Let's also say that you and 19 other groups are studying an effect that isn't real: the hypothesis that meditating on pink unicorns will get rid of skin cancer.
By (perfectly reasonable) chance, 19 of your studies reject the Pink Unicorn Hypothesis with p-value = 0.05, and one accepts it -- i.e., one group gets a result that should have happened 1/20 times or less if there is no Pink Unicorn effect.
Since the first 19 groups are silent, and only one group publishes, the only thing we see is the exciting announcement of a possible new skin cancer cure, with no hope for a meta-study that notices that this actually the expected result given the null hypothesis.
No they usually don't. Because the "didn't work for us" is usually not conclusive proof of the contrary.
It does (rarely) happen in Physics where everything is expected to be repeatable, and results from one experiment carry over to similar experiments. It almost never happens in medicine, where the bar of acceptance of a hypothesis is already ridiculously low.
You can publish negative results, but the bar is usually higher. It's easiest if you find some new "positive" reason for the negative result, so you can have a narrative along the lines of: you might think X would work, and here are all the reasons it's plausible, which we used to believe too, but it turns out it doesn't, because of Y.

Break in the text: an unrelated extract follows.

(* Let $n,m,M$ be positive integers, $A_1,\dots,A_M\in\mathbb{R}^{n\times n}$, $B\in\mathbb{R}^{n\times m}$, $\mathcal{M}=\{1,\dots,M\}$. Given $N\in\mathbb{Z}^+$ and $\omega_N\subset\mathbb{S}\times\mathcal{M}$ with $N$ elements, let $\gamma(\omega_N)$, $P(\omega_N)$, $K(\omega_N)$ be the output of Algorithm 1 (described in the context) run on $\omega_N$, $B$ and some tolerance $\epsilon_{tol}>0$. Suppose $\omega_N$ is an $\epsilon$-covering of $\mathbb{S}\times\mathcal{M}$ for some $\epsilon\in(0,1)$. Then $$\rho(\mathcal{A}_{K(\omega_N)})\le\frac{\gamma(\omega_N)}{1-\kappa(P(\omega_N))\bigl(1-\cos(\delta^{-1}(\epsilon))\bigr)},$$ with the convention that if $\kappa(P(\omega_N))(1-\cos(\delta^{-1}(\epsilon)))\ge1$, the right-hand side is $+\infty$.
   Context: $\mathbb{S}$ is the unit sphere in $\mathbb{R}^n$ and $\mu$ the uniform probability measure on $\mathbb{S}$. For $x\in\mathbb{S}$, $\theta\in[0,\pi/2]$, $\mathrm{Cap}(x,\theta)=\{v\in\mathbb{S}:|x^\top v|\ge\cos\theta\}$ and $\delta(\theta)=\mu(\mathrm{Cap}(x,\theta))$; $\delta$ is strictly increasing from $[0,\pi/2]$ onto $[0,1]$ with inverse $\delta^{-1}$. Given $\epsilon\in(0,1)$ and $\theta=\delta^{-1}(\epsilon)$, a set $\omega\subset\mathbb{S}\times\mathcal{M}$ is an $\epsilon$-covering of $\mathbb{S}\times\mathcal{M}$ if for every $(x,\sigma)\in\mathbb{S}\times\mathcal{M}$ there exists $z\in\mathbb{S}$ with $(z,\sigma)\in\omega$ and $|z^\top x|\ge\cos\theta$. For $P\succ0$, $\kappa(P)=\lambda_{\max}(P)/\lambda_{\min}(P)$. For $K\in\mathbb{R}^{m\times n}$, $\mathcal{A}_K=\{A_1+BK,\dots,A_M+BK\}$ and $\rho(\mathcal{A}_K)=\lim_{k\to\infty}\max_{(\sigma_0,\dots,\sigma_{k-1})\in\mathcal{M}^k}\|(A_{\sigma_{k-1}}+BK)\cdots(A_{\sigma_0}+BK)\|^{1/k}$ is its joint spectral radius. Algorithm 1 (uses only $B$, the points $x$ and the successors $A_\sigma x$ for $(x,\sigma)\in\omega_N$): define Problem (K-step) for fixed $P$: minimize $\gamma\ge0$ over $(\gamma,K)$ subject to $\begin{pmatrix}\gamma^2x^\top Px & (A_\sigma x+BKx)^\top P\\ P(A_\sigma x+BKx) & P\end{pmatrix}\succeq0$ for all $(x,\sigma)\in\omega_N$. Define Problem (P-step) for fixed $K$: minimize $\gamma\ge0$ over $(\gamma,P)$ subject to $(A_\sigma x+BKx)^\top P(A_\sigma x+BKx)\le\gamma^2x^\top Px$ for all $(x,\sigma)\in\omega_N$ and $P\succeq I$. Initialize $k=0$, $P_0=I_n$, and $(K_0,\gamma_0)$ a solution of (K-step) with $P=P_0$. Iterate: obtain $P_{k+1}$ from (P-step) with $K=K_k$; obtain $(K_{k+1},\gamma_{k+1})$ from (K-step) with $P=P_{k+1}$; if $|\gamma_{k+1}-\gamma_k|<\epsilon_{tol}$, output $\gamma(\omega_N)=\gamma_{k+1}$, $P(\omega_N)=P_{k+1}$, $K(\omega_N)=K_{k+1}$ and stop; otherwise set $k\leftarrow k+1$ and repeat. *)

theory Defs
  imports "HOL-Analysis.Analysis"
begin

If you don't have a reason for the failure, just "hmm, didn't seem to work", you can still publish, but it's harder. The next-best case is if you have a large-scale study failing to find a result for something that many other people have claimed should exist, e.g. power-line cancer studies. But if it isn't in that category, it's harder. The fundamental problem is that nobody wants thousands of paper saying "X doesn't cure cancer. X2 also doesn't. X3, once again, does not cure cancer", because the vast majority of Xs don't do Y.

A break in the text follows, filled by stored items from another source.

lemma Min_selected_candidates_eq_threshold:
  assumes "finite I" and nonneg: "\<forall>i\<in>I. 0 \<le> a i \<and> 0 \<le> y i"
    and "finite C" and candidates: "\<forall>S\<subseteq>I. \<forall>F\<subseteq>I. root_candidate a y x S F \<in> C"
    and below: "heat I a y (t - 1) < x" and above: "x \<le> heat I a y t"
  shows "Min (insert (\<Sum>i\<in>I. a i + y i)
           ((\<lambda>c. if x \<le> heat I a y c then c else (\<Sum>i\<in>I. a i + y i)) ` C)) = t"
proof (rule Min_eqI)
  let ?B = "\<Sum>i\<in>I. a i + y i"
  have "x \<le> heat I a y ?B"
    using above heat_le_sum_fuel[of I a y t] heat_at_total_fuel_time[OF assms(1,2)] by simp
  then have "t \<le> ?B"
    by (rule heat_threshold_le[OF below])
  then show "t \<le> c" if "c \<in> insert ?B ((\<lambda>c. if x \<le> heat I a y c then c else ?B) ` C)" for c
    using that heat_threshold_le[OF below] by auto
  have "burning I a y t \<subseteq> I" and "burnt_out I a y t \<subseteq> I"
    unfolding burning_def burnt_out_def by auto
  then have "root_candidate a y x (burning I a y t) (burnt_out I a y t) \<in> C"
    using candidates by blast
  then have "t \<in> C"
    using root_candidate_burning_eq[OF \<open>finite I\<close> _ below above] nonneg by simp
  then show "t \<in> insert ?B ((\<lambda>c. if x \<le> heat I a y c then c else ?B) ` C)"
    using above by (auto intro: rev_image_eqI)
qed (use \<open>finite C\<close> in simp)

text \<open>Expressions have no comparisons; signs are detected by \<open>z div (z * z + 1)\<close>, which is \<open>-1\<close> for
  \<open>z < 0\<close> and \<open>0\<close> otherwise.\<close>

definition enonneg :: "expr \<Rightarrow> expr" where
  "enonneg e = Add (Const 1) (Div e (Add (Mul e e) (Const 1)))"

definition emax0 :: "expr \<Rightarrow> expr" where
  "emax0 e = Mul e (enonneg e)"

definition emin :: "expr \<Rightarrow> expr \<Rightarrow> expr" where
  "emin e f = Sub e (emax0 (Sub e f))"

definition eif_nonneg :: "expr \<Rightarrow> expr \<Rightarrow> expr \<Rightarrow> expr" where
  "eif_nonneg c e f = Add (Mul (enonneg c) e) (Mul (Sub (Const 1) (enonneg c)) f)"

definition esum :: "(nat \<Rightarrow> expr) \<Rightarrow> nat list \<Rightarrow> expr" where
  "esum f js = foldr (\<lambda>i e. Add (f i) e) js (Const 0)"

definition emins :: "expr list \<Rightarrow> expr \<Rightarrow> expr" where
  "emins es d = foldr emin es d"

lemma eeval_enonneg [simp]: "eeval (enonneg e) x ns = (if 0 \<le> eeval e x ns then 1 else 0)"
  by (simp add: enonneg_def int_div_square_plus_one)

lemma eeval_emax0 [simp]: "eeval (emax0 e) x ns = max 0 (eeval e x ns)"
  by (simp add: emax0_def)

lemma eeval_emin [simp]: "eeval (emin e f) x ns = min (eeval e x ns) (eeval f x ns)"
  by (simp add: emin_def)

lemma eeval_eif_nonneg [simp]:
  "eeval (eif_nonneg c e f) x ns = (if 0 \<le> eeval c x ns then eeval e x ns else eeval f x ns)"
  by (simp add: eif_nonneg_def)

lemma eeval_esum [simp]: "eeval (esum f js) x ns = (\<Sum>i\<leftarrow>js. eeval (f i) x ns)"
  by (induction js) (simp_all add: esum_def)

lemma eeval_emins [simp]:
  "eeval (emins es d) x ns = Min (insert (eeval d x ns) ((\<lambda>e. eeval e x ns) ` set es))"
  by (induction es) (simp_all add: emins_def insert_commute)

definition nb_tau :: "(enat \<times> nat) list \<Rightarrow> nat \<Rightarrow> int" where
  "nb_tau ns i = (if i < length ns then tau_val (fst (ns ! i)) else 0)"

definition nb_fuel :: "(enat \<times> nat) list \<Rightarrow> nat \<Rightarrow> int" where
  "nb_fuel ns i = (if i < length ns then int (snd (ns ! i)) else 0)"

definition igniting :: "(enat \<times> nat) list \<Rightarrow> nat set" where
  "igniting ns = {i. i < length ns \<and> fst (ns ! i) \<noteq> \<infinity>}"

lemma finite_igniting: "finite (igniting ns)"
  by (simp add: igniting_def)

declare eeval.simps(3,4) [simp del]

lemma eeval_TauIn [simp]: "eeval (TauIn i) x ns = nb_tau ns i"
  by (simp add: eeval.simps(3) nb_tau_def)

lemma eeval_YIn [simp]: "eeval (YIn i) x ns = nb_fuel ns i"
  by (simp add: eeval.simps(4) nb_fuel_def)

lemma nb_tau_nonneg: "0 \<le> nb_tau ns i"
proof -
  have "0 \<le> tau_val e" for e
    by (cases e) simp_all
  then show ?thesis
    by (simp add: nb_tau_def)
qed

lemma nb_fuel_nonneg: "0 \<le> nb_fuel ns i"
  by (simp add: nb_fuel_def)

lemma sum_contrib_eq_heat:
  "sum_list (map (contrib t) ns) = heat (igniting ns) (nb_tau ns) (nb_fuel ns) (int t)"
proof -
  have "sum_list (map (contrib t) ns) = (\<Sum>i\<in>{..<length ns}. contrib t (ns ! i))"
    by (simp add: sum_list_sum_nth atLeast0LessThan)
  also have "\<dots> = (\<Sum>i\<in>igniting ns. contrib t (ns ! i))"
    by (rule sum.mono_neutral_right) (auto simp: igniting_def contrib_def)
  also have "\<dots> = heat (igniting ns) (nb_tau ns) (nb_fuel ns) (int t)"
    unfolding heat_def
    by (rule sum.cong) (auto simp: igniting_def contrib_def nb_tau_def nb_fuel_def)
  finally show ?thesis .
qed

lemma ign_time_eq_heat:
  "ign_time x ns =
     (if \<exists>t. int x \<le> heat (igniting ns) (nb_tau ns) (nb_fuel ns) (int t)
      then enat (LEAST t. int x \<le> heat (igniting ns) (nb_tau ns) (nb_fuel ns) (int t))
      else \<infinity>)"
  by (simp add: ign_time_def sum_contrib_eq_heat)

lemma Least_heat_threshold:
  assumes "heat I a y (t - 1) < x" and "x \<le> heat I a y t" and "0 \<le> t"
  shows "(LEAST k::nat. x \<le> heat I a y (int k)) = nat t"
proof (rule Least_equality)
  show "x \<le> heat I a y (int (nat t))"
    using assms by simp
  show "nat t \<le> k" if "x \<le> heat I a y (int k)" for k
    using heat_threshold_le[OF assms(1) that] by simp
qed

definition eheat :: "nat list \<Rightarrow> expr \<Rightarrow> expr" where
  "eheat L c = esum (\<lambda>i. emin (emax0 (Sub c (TauIn i))) (YIn i)) L"

definition ebound :: "nat list \<Rightarrow> expr" where
  "ebound L = esum (\<lambda>i. Add (TauIn i) (YIn i)) L"

fun ecandidate :: "nat list \<times> nat list \<Rightarrow> expr" where
  "ecandidate (S, F) =
     Div (Sub (Add (Add (Sub XIn (esum YIn F)) (esum TauIn S)) (Const (int (length S)))) (Const 1))
         (Const (int (length S)))"

text \<open>Candidates failing the test are replaced by \<open>ebound L\<close>, a time at which all fuel is spent.\<close>

definition eign :: "nat list \<Rightarrow> expr" where
  "eign L = emins
     (map (\<lambda>SF. eif_nonneg (Sub (eheat L (ecandidate SF)) XIn) (ecandidate SF) (ebound L))
        (List.product (subseqs L) (subseqs L)))
     (ebound L)"

lemma eeval_eheat:
  "distinct L \<Longrightarrow> eeval (eheat L c) x ns = heat (set L) (nb_tau ns) (nb_fuel ns) (eeval c x ns)"
  by (simp add: eheat_def heat_def sum_list_distinct_conv_sum_set)

lemma eeval_ebound:
  "distinct L \<Longrightarrow> eeval (ebound L) x ns = (\<Sum>i\<in>set L. nb_tau ns i + nb_fuel ns i)"
  by (simp add: ebound_def sum_list_distinct_conv_sum_set)

lemma eeval_ecandidate:
  assumes "distinct S" and "distinct F"
  shows "eeval (ecandidate (S, F)) x ns = root_candidate (nb_tau ns) (nb_fuel ns) (int x) (set S) (set F)"
  using assms by (simp add: root_candidate_def sum_list_distinct_conv_sum_set distinct_card)

lemma eeval_eign:
  assumes "distinct L"
    and below: "heat (set L) (nb_tau ns) (nb_fuel ns) (t - 1) < int x"
    and above: "int x \<le> heat (set L) (nb_tau ns) (nb_fuel ns) t"
  shows "eeval (eign L) x ns = t"
proof -
  let ?H = "heat (set L) (nb_tau ns) (nb_fuel ns)"
    and ?B = "\<Sum>i\<in>set L. nb_tau ns i + nb_fuel ns i"
    and ?C = "(\<lambda>SF. eeval (ecandidate SF) x ns) ` set (List.product (subseqs L) (subseqs L))"
  have select: "eeval (eif_nonneg (Sub (eheat L (ecandidate SF)) XIn) (ecandidate SF) (ebound L)) x ns
      = (\<lambda>c. if int x \<le> ?H c then c else ?B) (eeval (ecandidate SF) x ns)" for SF
    using \<open>distinct L\<close> by (simp add: eeval_eheat eeval_ebound)
  have "eeval (eign L) x ns = Min (insert ?B ((\<lambda>c. if int x \<le> ?H c then c else ?B) ` ?C))"
    unfolding eign_def eeval_emins set_map image_image select eeval_ebound[OF \<open>distinct L\<close>] ..
  also have "\<dots> = t"
  proof (rule Min_selected_candidates_eq_threshold[OF _ _ _ _ below above])
    show "\<forall>S\<subseteq>set L. \<forall>F\<subseteq>set L. root_candidate (nb_tau ns) (nb_fuel ns) (int x) S F \<in> ?C"
    proof (intro allI impI)
      fix S F assume "S \<subseteq> set L" and "F \<subseteq> set L"
      then obtain Sl Fl where "Sl \<in> set (subseqs L)" "set Sl = S" "Fl \<in> set (subseqs L)" "set Fl = F"
        by (metis imageE subset_subseqs)
      moreover from this have "distinct Sl" and "distinct Fl"
        using \<open>distinct L\<close> by (simp_all add: subseqs_distinctD)
      ultimately show "root_candidate (nb_tau ns) (nb_fuel ns) (int x) S F \<in> ?C"
        using eeval_ecandidate[of Sl Fl x ns]
        by (intro rev_image_eqI[of "(Sl, Fl)"]) (simp_all del: ecandidate.simps)
    qed
  qed (simp_all add: nb_tau_nonneg nb_fuel_nonneg)
  finally show ?thesis .
qed

definition leaf :: "nat list \<Rightarrow> prog" where
  "leaf L = Branch (Le XIn (Const 0)) (Out (Const 0))
     (Branch (Le XIn (esum YIn L)) (Out (eign L)) OutInf)"

definition computes_ign_time :: "prog \<Rightarrow> nat \<Rightarrow> (enat \<times> nat) list \<Rightarrow> bool" where
  "computes_ign_time P x ns \<longleftrightarrow>
     (case run P x ns of
        None \<Rightarrow> ign_time x ns = \<infinity>
      | Some v \<Rightarrow> 0 \<le> v \<and> ign_time x ns = enat (nat v))"

lemma computes_ign_time_leaf:
  assumes "distinct L" and L: "set L = igniting ns"
  shows "computes_ign_time (leaf L) x ns"
proof -
  let ?H = "heat (igniting ns) (nb_tau ns) (nb_fuel ns)"
  have nonneg: "\<forall>i\<in>igniting ns. 0 \<le> nb_tau ns i \<and> 0 \<le> nb_fuel ns i"
    by (simp add: nb_tau_nonneg nb_fuel_nonneg)
  have fuel: "eeval (esum YIn L) x ns = sum (nb_fuel ns) (igniting ns)"
    using assms by (simp add: sum_list_distinct_conv_sum_set)
  consider "x = 0" | "0 < x" "int x \<le> sum (nb_fuel ns) (igniting ns)"
    | "sum (nb_fuel ns) (igniting ns) < int x"
    by linarith
  then show ?thesis
  proof cases
    case 1
    have "int x \<le> ?H (int 0)"
      using 1 nonneg by (simp add: heat_nonneg)
    then have "(\<exists>t. int x \<le> ?H (int t)) \<and> (LEAST t. int x \<le> ?H (int t)) = 0"
      by (blast intro: Least_eq_0)
    then have "ign_time x ns = enat 0"
      by (simp add: ign_time_eq_heat)
    then show ?thesis
      using 1 by (simp add: computes_ign_time_def leaf_def)
  next
    case 2
    then obtain t where "0 < t" and below: "?H (t - 1) < int x" and above: "int x \<le> ?H t"
      using heat_threshold_exists[OF finite_igniting nonneg, of "int x"] by auto
    then have "\<exists>k. int x \<le> ?H (int k)"
      using \<open>0 < t\<close> by (intro exI[of _ "nat t"]) simp
    then have "ign_time x ns = enat (nat t)"
      using Least_heat_threshold[OF below above] \<open>0 < t\<close> by (simp add: ign_time_eq_heat)
    moreover have "eeval (eign L) x ns = t"
      using eeval_eign[OF \<open>distinct L\<close>] below above L by simp
    ultimately show ?thesis
      using 2 \<open>0 < t\<close> fuel by (simp add: computes_ign_time_def leaf_def)
  next
    case 3
    have "?H (int k) < int x" for k
      using heat_le_sum_fuel[of "igniting ns" "nb_tau ns" "nb_fuel ns" "int k"] 3 by linarith
    then have "ign_time x ns = \<infinity>"
      by (simp add: ign_time_eq_heat not_le)
    moreover have "0 \<le> sum (nb_fuel ns) (igniting ns)"
      by (simp add: sum_nonneg nb_fuel_nonneg)
    ultimately show ?thesis
      using 3 fuel by (simp add: computes_ign_time_def leaf_def)
  qed
qed

fun build :: "nat list \<Rightarrow> nat list \<Rightarrow> prog" where
  "build [] L = leaf L"
| "build (i # js) L = Branch (IsInf i) (build js L) (build js (i # L))"

lemma run_build:
  "run (build js L) x ns = run (leaf (rev (filter (\<lambda>i. \<not> ceval (IsInf i) x ns) js) @ L)) x ns"
  by (induction js arbitrary: L) simp_all

definition ign_time_prog :: "nat \<Rightarrow> prog" where
  "ign_time_prog k = build [0..<k] []"

lemma computes_ign_time_prog:
  assumes "length ns = k"
  shows "computes_ign_time (ign_time_prog k) x ns"
proof -
  let ?L = "rev (filter (\<lambda>i. \<not> ceval (IsInf i) x ns) [0..<k])"
  have "distinct ?L" and "set ?L = igniting ns"
    using assms by (auto simp: igniting_def)
  then show ?thesis
    unfolding computes_ign_time_def ign_time_prog_def run_build
    using computes_ign_time_leaf[unfolded computes_ign_time_def] by simp
qed

theorem lemma4:
  shows "\<exists>C::nat. \<forall>k\<le>6. \<exists>P. cost P \<le> C \<and>
           (\<forall>x ns. length ns = k \<longrightarrow>
              (case run P x ns of None \<Rightarrow> ign_time x ns = \<infinity>
                                | Some v \<Rightarrow> v \<ge> 0 \<and> ign_time x ns = enat (nat v)))"
proof -
  define C where "C = Max ((\<lambda>k. cost (ign_time_prog k)) ` {..6})"
  have "cost (ign_time_prog k) \<le> C" if "k \<le> 6" for k
    unfolding C_def using that by (intro Max_ge) auto
  moreover have "computes_ign_time (ign_time_prog k) x ns" if "length ns = k" for k x ns
    using that by (rule computes_ign_time_prog)
  ultimately show ?thesis
    unfolding computes_ign_time_def by blast
qed

end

I guess the motivation behind the journal mentioned in the article.
He chose to publish one paper, fittingly, in the online journal PLoS Medicine, which is committed to running any methodologically sound article without regard to how “interesting” the results may be.
edit: though looking at the site, it doesn't seem to present itself with that motivation. It also costs $2900 to publish an article, so there's some financial hurdle to publishing.
The article presents it as if it was some big revelation in 2005, but I'm not sure it was as big as implied. I mean some of the specifics were, but I trained in my residency between 2000-2003, and we were very much trained to be skeptical of studies, and to question results. Evidence-based medicine was in strong force.
His model predicted, in different fields of medical research, rates of wrongness roughly corresponding to the observed rates at which findings were later convincingly refuted: 80 percent of non-randomized studies (by far the most common type) turn out to be wrong, as do 25 percent of supposedly gold-standard randomized trials, and as much as 10 percent of the platinum-standard large randomized trials.
Non-randomized studies are the most common, of course. They are the cheapest to perform by far. but whenever I read non-randomized study, I think "interesting" but realize it doesn't mean anything. Correlation does not equal causation. These non-randomized studies though are the ones that raise questions and possibilities that later fund/justify more costly randomized-controlled studies.
And something to be aware, which is perhaps part of the purpose of this article, is that there is a reporting/publishing bias. Negative and neutral results simply don't get reported in journals. You form a hypothesis, perform a study, and get negative results -- well, you're not going to try to publish it. Statistically speaking, there's going to be some bell curve distribution about the actual result. So let's say the actual result is "0" (no effect) for a drug or treatment. If you do enough studies, you'll get a few that fall on the positive side, which I presume is what accounts for some of the false positives.